:: Task goal ::
In the entries below, find the line with "(* (a) The set" and the line with "(* Concatenation of"; give again those lines and every line between them, exactly.

Collection entries:

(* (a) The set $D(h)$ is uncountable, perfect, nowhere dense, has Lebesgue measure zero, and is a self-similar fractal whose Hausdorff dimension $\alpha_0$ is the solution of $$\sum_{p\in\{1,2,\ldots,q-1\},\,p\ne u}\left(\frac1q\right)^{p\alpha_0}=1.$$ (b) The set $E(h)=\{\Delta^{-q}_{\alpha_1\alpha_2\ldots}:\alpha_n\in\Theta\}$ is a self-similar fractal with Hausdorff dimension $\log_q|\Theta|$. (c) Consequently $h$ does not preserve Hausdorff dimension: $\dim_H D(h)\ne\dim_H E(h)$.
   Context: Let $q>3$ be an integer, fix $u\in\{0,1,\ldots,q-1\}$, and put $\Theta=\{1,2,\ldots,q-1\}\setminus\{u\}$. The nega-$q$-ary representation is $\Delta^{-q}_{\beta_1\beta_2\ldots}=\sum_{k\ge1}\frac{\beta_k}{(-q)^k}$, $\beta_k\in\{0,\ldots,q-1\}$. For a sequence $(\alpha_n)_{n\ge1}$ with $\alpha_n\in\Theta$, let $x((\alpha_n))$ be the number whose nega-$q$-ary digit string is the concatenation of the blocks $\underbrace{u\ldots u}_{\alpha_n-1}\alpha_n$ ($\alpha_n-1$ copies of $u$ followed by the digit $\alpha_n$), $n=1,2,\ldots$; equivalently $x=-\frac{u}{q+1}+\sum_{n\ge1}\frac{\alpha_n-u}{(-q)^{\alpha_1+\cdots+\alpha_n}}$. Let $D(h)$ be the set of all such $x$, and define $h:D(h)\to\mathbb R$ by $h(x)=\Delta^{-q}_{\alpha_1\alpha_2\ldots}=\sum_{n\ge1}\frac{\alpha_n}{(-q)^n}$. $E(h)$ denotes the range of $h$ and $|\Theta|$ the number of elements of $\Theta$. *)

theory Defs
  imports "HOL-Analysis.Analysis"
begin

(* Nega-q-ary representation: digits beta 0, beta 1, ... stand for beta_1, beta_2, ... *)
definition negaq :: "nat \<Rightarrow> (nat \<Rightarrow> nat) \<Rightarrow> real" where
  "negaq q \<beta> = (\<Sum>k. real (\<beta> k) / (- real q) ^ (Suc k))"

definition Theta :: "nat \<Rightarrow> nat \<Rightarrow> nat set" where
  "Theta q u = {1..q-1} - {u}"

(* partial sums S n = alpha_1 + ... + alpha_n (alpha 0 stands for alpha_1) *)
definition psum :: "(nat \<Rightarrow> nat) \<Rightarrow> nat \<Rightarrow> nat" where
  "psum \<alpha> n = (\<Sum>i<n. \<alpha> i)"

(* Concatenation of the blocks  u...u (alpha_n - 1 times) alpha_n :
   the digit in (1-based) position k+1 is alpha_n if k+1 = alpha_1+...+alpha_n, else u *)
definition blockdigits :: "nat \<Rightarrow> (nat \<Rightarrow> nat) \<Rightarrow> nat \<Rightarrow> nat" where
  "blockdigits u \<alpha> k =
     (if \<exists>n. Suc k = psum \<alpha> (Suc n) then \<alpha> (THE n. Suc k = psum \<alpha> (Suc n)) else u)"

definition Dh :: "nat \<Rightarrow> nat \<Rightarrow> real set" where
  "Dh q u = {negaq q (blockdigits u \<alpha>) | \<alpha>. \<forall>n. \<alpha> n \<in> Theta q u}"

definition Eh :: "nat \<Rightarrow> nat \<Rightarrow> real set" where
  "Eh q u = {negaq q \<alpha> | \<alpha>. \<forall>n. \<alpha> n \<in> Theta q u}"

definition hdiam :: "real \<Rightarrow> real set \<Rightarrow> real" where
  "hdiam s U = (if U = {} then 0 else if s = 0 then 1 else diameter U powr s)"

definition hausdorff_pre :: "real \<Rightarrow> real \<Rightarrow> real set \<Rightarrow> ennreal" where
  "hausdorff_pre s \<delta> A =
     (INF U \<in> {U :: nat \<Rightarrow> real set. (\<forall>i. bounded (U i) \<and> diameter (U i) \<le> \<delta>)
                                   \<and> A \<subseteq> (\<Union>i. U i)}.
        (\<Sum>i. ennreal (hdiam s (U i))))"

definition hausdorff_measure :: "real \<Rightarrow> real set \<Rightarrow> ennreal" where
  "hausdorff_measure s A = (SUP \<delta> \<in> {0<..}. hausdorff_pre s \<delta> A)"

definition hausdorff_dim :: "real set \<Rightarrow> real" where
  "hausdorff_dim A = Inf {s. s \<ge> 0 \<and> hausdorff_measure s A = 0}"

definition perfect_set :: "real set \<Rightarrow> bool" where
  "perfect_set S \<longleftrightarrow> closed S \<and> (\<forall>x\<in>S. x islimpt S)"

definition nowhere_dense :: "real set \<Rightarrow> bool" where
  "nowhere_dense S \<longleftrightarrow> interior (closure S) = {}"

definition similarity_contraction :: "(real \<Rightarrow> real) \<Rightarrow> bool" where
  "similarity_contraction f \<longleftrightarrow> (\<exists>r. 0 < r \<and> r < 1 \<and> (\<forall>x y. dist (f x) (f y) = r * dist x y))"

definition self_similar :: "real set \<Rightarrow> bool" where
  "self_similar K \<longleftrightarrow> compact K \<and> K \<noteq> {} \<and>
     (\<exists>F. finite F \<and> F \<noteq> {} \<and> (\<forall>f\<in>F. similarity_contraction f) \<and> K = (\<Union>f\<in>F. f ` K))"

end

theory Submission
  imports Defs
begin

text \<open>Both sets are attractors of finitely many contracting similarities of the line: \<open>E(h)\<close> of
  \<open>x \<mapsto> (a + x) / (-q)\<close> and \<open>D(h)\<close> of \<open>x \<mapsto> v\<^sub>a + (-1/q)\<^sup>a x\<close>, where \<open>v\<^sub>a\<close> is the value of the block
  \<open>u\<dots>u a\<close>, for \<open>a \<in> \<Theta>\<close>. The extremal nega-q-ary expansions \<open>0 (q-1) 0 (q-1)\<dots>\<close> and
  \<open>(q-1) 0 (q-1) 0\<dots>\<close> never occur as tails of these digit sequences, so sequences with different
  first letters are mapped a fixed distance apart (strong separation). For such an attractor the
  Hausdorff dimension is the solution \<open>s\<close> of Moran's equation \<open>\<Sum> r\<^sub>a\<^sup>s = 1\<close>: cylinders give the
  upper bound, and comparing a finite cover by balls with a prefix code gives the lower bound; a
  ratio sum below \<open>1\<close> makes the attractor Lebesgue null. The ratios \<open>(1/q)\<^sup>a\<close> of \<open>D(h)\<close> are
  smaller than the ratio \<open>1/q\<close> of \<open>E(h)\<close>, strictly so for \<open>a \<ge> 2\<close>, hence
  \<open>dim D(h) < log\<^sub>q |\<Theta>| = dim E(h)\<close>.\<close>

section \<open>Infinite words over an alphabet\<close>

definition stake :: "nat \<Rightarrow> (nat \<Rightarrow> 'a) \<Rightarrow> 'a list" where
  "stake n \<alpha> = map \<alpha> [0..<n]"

==

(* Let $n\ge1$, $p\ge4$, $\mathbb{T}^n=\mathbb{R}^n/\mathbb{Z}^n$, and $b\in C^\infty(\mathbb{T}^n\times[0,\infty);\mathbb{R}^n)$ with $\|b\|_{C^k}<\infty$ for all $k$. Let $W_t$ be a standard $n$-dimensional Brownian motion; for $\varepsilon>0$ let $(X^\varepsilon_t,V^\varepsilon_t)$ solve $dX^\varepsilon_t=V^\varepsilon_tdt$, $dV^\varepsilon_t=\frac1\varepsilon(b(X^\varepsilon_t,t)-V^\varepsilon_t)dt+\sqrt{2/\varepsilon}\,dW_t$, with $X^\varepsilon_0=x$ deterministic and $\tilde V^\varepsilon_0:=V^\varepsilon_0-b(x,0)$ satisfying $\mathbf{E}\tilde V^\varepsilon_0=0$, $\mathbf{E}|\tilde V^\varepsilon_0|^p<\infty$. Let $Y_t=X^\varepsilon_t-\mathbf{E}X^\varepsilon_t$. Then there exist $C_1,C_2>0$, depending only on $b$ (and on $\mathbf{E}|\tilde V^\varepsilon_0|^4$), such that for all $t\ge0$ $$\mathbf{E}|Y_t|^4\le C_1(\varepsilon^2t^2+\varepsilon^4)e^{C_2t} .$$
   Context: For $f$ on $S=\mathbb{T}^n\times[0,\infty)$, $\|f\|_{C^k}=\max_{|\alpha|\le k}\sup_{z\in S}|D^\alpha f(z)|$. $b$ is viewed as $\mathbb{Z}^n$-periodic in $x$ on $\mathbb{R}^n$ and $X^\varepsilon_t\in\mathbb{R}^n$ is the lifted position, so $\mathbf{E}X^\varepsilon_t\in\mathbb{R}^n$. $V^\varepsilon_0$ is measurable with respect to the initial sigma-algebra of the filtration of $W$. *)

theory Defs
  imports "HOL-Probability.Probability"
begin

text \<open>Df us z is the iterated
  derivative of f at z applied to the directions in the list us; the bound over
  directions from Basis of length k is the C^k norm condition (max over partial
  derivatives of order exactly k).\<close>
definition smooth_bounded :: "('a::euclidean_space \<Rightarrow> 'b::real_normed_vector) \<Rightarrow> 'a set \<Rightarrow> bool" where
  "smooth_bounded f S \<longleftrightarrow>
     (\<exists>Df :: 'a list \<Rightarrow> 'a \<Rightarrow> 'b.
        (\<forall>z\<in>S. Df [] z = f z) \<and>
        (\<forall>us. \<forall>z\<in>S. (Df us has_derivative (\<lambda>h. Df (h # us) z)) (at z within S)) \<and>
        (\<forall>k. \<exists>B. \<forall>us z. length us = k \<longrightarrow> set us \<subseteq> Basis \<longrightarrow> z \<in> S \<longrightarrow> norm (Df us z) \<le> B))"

* * *

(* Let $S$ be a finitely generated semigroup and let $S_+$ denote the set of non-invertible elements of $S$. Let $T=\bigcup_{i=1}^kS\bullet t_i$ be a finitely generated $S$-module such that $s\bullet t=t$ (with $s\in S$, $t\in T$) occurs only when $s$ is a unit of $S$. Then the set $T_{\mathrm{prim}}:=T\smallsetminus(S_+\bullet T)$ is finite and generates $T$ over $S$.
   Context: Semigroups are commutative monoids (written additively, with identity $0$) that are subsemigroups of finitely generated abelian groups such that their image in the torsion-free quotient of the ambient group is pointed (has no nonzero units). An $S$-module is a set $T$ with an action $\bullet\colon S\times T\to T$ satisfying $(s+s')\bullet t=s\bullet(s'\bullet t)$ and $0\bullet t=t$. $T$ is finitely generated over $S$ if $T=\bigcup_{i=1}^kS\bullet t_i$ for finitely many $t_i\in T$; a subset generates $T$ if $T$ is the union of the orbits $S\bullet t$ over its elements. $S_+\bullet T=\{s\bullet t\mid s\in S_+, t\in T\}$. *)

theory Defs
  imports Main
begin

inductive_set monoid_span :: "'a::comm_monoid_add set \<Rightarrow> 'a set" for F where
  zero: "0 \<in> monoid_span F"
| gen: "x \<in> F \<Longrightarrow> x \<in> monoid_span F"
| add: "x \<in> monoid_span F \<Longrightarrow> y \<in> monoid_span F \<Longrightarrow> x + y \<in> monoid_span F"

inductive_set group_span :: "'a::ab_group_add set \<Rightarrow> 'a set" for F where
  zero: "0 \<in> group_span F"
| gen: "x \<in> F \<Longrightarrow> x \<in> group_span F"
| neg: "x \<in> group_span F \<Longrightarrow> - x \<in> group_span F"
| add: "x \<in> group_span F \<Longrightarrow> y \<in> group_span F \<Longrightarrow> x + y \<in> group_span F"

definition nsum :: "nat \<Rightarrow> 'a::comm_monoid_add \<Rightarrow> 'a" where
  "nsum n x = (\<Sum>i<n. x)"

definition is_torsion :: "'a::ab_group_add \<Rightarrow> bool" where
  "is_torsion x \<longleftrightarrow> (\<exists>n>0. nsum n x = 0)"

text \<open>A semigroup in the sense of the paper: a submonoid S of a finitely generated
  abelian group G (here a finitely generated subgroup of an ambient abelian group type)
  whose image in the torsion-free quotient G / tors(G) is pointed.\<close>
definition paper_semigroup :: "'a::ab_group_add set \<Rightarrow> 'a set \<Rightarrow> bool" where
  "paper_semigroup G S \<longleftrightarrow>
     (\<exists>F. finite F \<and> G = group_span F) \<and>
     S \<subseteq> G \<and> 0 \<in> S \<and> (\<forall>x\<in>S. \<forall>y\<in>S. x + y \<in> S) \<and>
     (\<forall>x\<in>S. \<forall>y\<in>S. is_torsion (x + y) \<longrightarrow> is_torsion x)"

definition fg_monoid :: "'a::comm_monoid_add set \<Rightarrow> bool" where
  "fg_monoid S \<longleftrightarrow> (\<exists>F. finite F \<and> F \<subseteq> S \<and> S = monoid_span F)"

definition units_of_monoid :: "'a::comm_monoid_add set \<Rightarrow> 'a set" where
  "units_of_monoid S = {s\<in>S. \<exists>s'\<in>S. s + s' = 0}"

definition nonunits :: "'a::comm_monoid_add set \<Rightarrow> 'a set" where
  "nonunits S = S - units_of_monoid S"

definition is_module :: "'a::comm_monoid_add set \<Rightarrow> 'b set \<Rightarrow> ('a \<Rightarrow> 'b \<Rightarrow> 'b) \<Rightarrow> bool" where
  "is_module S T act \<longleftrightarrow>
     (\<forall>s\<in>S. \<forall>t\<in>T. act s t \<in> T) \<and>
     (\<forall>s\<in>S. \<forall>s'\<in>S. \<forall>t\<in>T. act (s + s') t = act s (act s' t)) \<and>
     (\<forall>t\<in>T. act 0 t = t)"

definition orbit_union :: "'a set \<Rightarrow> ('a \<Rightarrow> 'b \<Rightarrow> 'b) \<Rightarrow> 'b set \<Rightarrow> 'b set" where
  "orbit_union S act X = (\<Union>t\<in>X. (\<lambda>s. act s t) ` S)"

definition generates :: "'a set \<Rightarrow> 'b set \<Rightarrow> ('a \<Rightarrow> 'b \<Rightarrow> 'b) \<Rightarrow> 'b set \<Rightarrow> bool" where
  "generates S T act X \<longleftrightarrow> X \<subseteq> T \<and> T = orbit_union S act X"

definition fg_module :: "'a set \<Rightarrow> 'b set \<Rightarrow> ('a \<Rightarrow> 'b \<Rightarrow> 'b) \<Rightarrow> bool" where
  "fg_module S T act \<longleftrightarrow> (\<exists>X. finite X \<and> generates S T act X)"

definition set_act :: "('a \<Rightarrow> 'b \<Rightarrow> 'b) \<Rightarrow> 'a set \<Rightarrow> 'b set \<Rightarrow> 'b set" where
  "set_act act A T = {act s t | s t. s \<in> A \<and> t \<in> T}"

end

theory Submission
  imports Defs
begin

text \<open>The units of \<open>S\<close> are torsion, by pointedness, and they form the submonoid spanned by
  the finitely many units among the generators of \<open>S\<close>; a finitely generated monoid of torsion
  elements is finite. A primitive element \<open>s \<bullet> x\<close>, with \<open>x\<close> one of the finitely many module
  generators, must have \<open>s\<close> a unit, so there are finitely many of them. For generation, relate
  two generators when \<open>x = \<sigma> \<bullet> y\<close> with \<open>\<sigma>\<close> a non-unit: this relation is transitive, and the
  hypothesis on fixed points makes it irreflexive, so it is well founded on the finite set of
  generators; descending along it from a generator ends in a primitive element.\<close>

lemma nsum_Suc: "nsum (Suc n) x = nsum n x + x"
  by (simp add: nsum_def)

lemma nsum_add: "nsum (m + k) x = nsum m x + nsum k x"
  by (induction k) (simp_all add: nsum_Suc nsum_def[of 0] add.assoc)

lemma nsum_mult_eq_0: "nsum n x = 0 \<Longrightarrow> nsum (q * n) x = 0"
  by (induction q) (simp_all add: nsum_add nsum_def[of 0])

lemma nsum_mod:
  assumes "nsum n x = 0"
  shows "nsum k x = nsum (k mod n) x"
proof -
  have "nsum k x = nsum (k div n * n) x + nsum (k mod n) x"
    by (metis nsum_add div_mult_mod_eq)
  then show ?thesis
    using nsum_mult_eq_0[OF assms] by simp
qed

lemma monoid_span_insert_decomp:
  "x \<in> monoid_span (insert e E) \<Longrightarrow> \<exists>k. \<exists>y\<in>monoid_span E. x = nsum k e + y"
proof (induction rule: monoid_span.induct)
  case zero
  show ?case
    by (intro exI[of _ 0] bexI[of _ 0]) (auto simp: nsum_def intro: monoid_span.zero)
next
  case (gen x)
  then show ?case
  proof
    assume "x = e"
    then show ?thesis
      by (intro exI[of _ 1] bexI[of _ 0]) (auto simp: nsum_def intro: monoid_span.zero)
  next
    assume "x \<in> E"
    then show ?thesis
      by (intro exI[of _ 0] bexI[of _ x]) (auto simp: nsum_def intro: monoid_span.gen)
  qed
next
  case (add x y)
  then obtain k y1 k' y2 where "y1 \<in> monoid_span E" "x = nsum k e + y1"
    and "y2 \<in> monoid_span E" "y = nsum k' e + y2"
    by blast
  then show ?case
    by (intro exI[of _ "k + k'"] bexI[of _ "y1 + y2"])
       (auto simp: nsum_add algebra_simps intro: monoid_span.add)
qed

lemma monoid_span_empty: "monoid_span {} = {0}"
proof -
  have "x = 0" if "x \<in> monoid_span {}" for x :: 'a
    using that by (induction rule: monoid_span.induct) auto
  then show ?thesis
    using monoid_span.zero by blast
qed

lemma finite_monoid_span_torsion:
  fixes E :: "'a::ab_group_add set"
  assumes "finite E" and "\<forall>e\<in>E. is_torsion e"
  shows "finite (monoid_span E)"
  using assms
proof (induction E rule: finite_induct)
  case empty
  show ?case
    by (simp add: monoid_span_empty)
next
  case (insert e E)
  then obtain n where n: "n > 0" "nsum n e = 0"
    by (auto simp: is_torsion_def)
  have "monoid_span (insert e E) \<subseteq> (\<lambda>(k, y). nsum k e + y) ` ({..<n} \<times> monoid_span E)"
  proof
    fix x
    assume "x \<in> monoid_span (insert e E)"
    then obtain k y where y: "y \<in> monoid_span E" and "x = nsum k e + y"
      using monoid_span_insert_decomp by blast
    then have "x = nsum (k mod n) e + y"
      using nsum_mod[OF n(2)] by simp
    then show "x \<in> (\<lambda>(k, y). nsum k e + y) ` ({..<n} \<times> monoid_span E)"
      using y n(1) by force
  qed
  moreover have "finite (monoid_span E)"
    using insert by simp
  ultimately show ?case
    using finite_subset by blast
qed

:: Exercise solution ::
(* (a) The set $D(h)$ is uncountable, perfect, nowhere dense, has Lebesgue measure zero, and is a self-similar fractal whose Hausdorff dimension $\alpha_0$ is the solution of $$\sum_{p\in\{1,2,\ldots,q-1\},\,p\ne u}\left(\frac1q\right)^{p\alpha_0}=1.$$ (b) The set $E(h)=\{\Delta^{-q}_{\alpha_1\alpha_2\ldots}:\alpha_n\in\Theta\}$ is a self-similar fractal with Hausdorff dimension $\log_q|\Theta|$. (c) Consequently $h$ does not preserve Hausdorff dimension: $\dim_H D(h)\ne\dim_H E(h)$.
   Context: Let $q>3$ be an integer, fix $u\in\{0,1,\ldots,q-1\}$, and put $\Theta=\{1,2,\ldots,q-1\}\setminus\{u\}$. The nega-$q$-ary representation is $\Delta^{-q}_{\beta_1\beta_2\ldots}=\sum_{k\ge1}\frac{\beta_k}{(-q)^k}$, $\beta_k\in\{0,\ldots,q-1\}$. For a sequence $(\alpha_n)_{n\ge1}$ with $\alpha_n\in\Theta$, let $x((\alpha_n))$ be the number whose nega-$q$-ary digit string is the concatenation of the blocks $\underbrace{u\ldots u}_{\alpha_n-1}\alpha_n$ ($\alpha_n-1$ copies of $u$ followed by the digit $\alpha_n$), $n=1,2,\ldots$; equivalently $x=-\frac{u}{q+1}+\sum_{n\ge1}\frac{\alpha_n-u}{(-q)^{\alpha_1+\cdots+\alpha_n}}$. Let $D(h)$ be the set of all such $x$, and define $h:D(h)\to\mathbb R$ by $h(x)=\Delta^{-q}_{\alpha_1\alpha_2\ldots}=\sum_{n\ge1}\frac{\alpha_n}{(-q)^n}$. $E(h)$ denotes the range of $h$ and $|\Theta|$ the number of elements of $\Theta$. *)

theory Defs
  imports "HOL-Analysis.Analysis"
begin

(* Nega-q-ary representation: digits beta 0, beta 1, ... stand for beta_1, beta_2, ... *)
definition negaq :: "nat \<Rightarrow> (nat \<Rightarrow> nat) \<Rightarrow> real" where
  "negaq q \<beta> = (\<Sum>k. real (\<beta> k) / (- real q) ^ (Suc k))"

definition Theta :: "nat \<Rightarrow> nat \<Rightarrow> nat set" where
  "Theta q u = {1..q-1} - {u}"

(* partial sums S n = alpha_1 + ... + alpha_n (alpha 0 stands for alpha_1) *)
definition psum :: "(nat \<Rightarrow> nat) \<Rightarrow> nat \<Rightarrow> nat" where
  "psum \<alpha> n = (\<Sum>i<n. \<alpha> i)"

(* Concatenation of the blocks  u...u (alpha_n - 1 times) alpha_n :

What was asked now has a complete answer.